To extract the small change in body fat from the much larger day to day variation in weight that's largely a consequence of water flowing in and out of the rubber bag, we need to find the trend beneath all the daily variations: the long term direction of weight. But this is hardly a new problem; stock and commodity speculators have been doing this for over a century.
Here's the kind of raw data a stock trader looks at. This is a chart of the daily closing price of the stock of Autodesk, Inc., the company I founded, in the eventful year of 1987. That year saw Autodesk hit all-time highs, get clobbered by the Crash of '87, then begin a slow recovery as the year ended (which eventually carried it to a high of $60/share in 1990).
The price action of Autodesk in 1987 was more clearcut than in most years, yet an investor who looked at each day's price as it was quoted in the paper would suffer the same kind of ups and downs as Dexter endured throughout his diet. The most common technique for extracting an underlying trend from daily price data is a moving average. Here's a moving average view of Autodesk stock in 1987. The moving average is the red line; the daily stock price is shown in black.

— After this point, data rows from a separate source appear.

lemma sombor_spectrum_dihedral_even:
  fixes n :: nat and vs :: "(nat \<times> bool) list"
  assumes n: "even n" "0 < n" and vs: "distinct vs" "set vs = carrier (dihedral_group n)"
  shows "sombor_spectrum (carrier (dihedral_group n)) (osc_adj (dihedral_group n)) vs =
             replicate_mset (2 * n - 1) (- (2 * of_nat n - 1) * complex_of_real (sqrt 2))
           + replicate_mset 1 ((2 * of_nat n - 1) ^ 2 * complex_of_real (sqrt 2))"
proof -
  let ?V = "carrier (dihedral_group n)" and ?E = "osc_adj (dihedral_group n)"
  let ?s = "complex_of_real (sqrt 2)"
  define w where "w = sombor_weight (\<lambda>_ _. True) (\<lambda>_. 2 * n - 1)"
  define B where "B = class_quotient_mat (2 * n) 1 (\<lambda>_. 0) w"
  have len: "length vs = 2 * n"
    using vs distinct_card card_carrier_dihedral_group by metis
  have "sombor_matrix ?V ?E vs = class_mat (2 * n) (\<lambda>_. 0) w"
    using sombor_matrix_eq_class_mat[of vs ?V ?E "\<lambda>_ _. True" "\<lambda>_. 0" "\<lambda>_. 2 * n - 1"]
      vs osc_adj_dihedral_even[OF n(1)] graph_deg_dihedral_even[OF n(1)]
    by (simp add: w_def len)
  moreover have "char_poly (class_mat (2 * n) (\<lambda>_. 0) w) =
      char_poly B * (\<Prod>i<1. [:w i i, 1:] ^ (class_size (2 * n) (\<lambda>_. 0) i - 1))"
    unfolding B_def using n by (intro char_poly_class_mat) auto
  moreover have "class_size (2 * n) (\<lambda>_. 0) 0 = 2 * n"
    by (simp add: class_size_def)
  moreover have "char_poly B = [:- (of_nat (2 * n) - 1) * w 0 0, 1:]"
    by (subst char_poly_upper_triangular[of _ 1]) (auto simp: B_def class_quotient_mat_def
        upper_triangular_def diag_mat_def class_size_def left_diff_distrib)
  moreover have "w 0 0 = (2 * of_nat n - 1) * ?s"
  proof -
    have "w 0 0 = complex_of_real (real (2 * n - 1) * sqrt 2)"
      by (simp add: w_def sombor_weight_def sqrt_two_times_square)
    then show ?thesis using n by simp
  qed
  ultimately have char_poly_vs: "char_poly (sombor_matrix ?V ?E vs) =
      [:- ((2 * of_nat n - 1) ^ 2 * ?s), 1:] * [:(2 * of_nat n - 1) * ?s, 1:] ^ (2 * n - 1)"
    by (simp add: power2_eq_square algebra_simps)
  show ?thesis
    unfolding sombor_spectrum_def char_poly_vs
    by (subst proots_mult) (simp_all add: proots_linear_power left_diff_distrib add.commute)
qed

theorem corollary4p4:
  fixes n :: nat and vs :: "(nat \<times> bool) list"
  assumes "n \<ge> 3"
    and "distinct vs" and "set vs = carrier (dihedral_group n)"
  shows "(odd n \<longrightarrow>
           sombor_spectrum (carrier (dihedral_group n)) (osc_adj (dihedral_group n)) vs =
             replicate_mset (n - 2) (- (of_nat n - 1) * complex_of_real (sqrt 2))
           + replicate_mset (n - 1) (- of_nat n * complex_of_real (sqrt 2))
           + proots ([:0, 1:] * [:- (of_nat n - 1) * (of_nat n - 2) * complex_of_real (sqrt 2), 1:]
                              * [:- of_nat n * (of_nat n - 1) * complex_of_real (sqrt 2), 1:]
                     - smult ((of_nat n - 1) * (5 * of_nat n ^ 2 - 6 * of_nat n + 2))
                              [:- of_nat n * (of_nat n - 1) * complex_of_real (sqrt 2), 1:]
                     - smult (of_nat n * (5 * of_nat n ^ 2 - 4 * of_nat n + 1))
                              [:- (of_nat n - 1) * (of_nat n - 2) * complex_of_real (sqrt 2), 1:]))
        \<and> (even n \<longrightarrow>
           sombor_spectrum (carrier (dihedral_group n)) (osc_adj (dihedral_group n)) vs =
             replicate_mset (2 * n - 1) (- (2 * of_nat n - 1) * complex_of_real (sqrt 2))
           + replicate_mset 1 ((2 * of_nat n - 1) ^ 2 * complex_of_real (sqrt 2)))"
  using sombor_spectrum_dihedral_odd[OF _ assms] sombor_spectrum_dihedral_even[OF _ _ assms(2,3)]
    assms(1)
  by auto

end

The moving average has distilled the trend from the daily price fluctuations. The six major up and down trends of the year are now readily apparent. If you'd owned the stock only while the moving average was rising you'd have ended the year with a tidy profit, notwithstanding having your gains from August through October wiped out in a single day by the Crash. (Whether price charts and moving averages can predict the future price of a stock or commodity is controversial; many speculators swear by them and have profits to show for it while the majority of economists believe it's all nonsense. Here we aren't trying to predict anything; we're using a moving average solely to clear away the day to day clutter in order to see larger, long term changes. Nobody disputes the validity of moving averages for this; they are so used in many areas, for example, plotting an airplane's course from a series of radar returns.)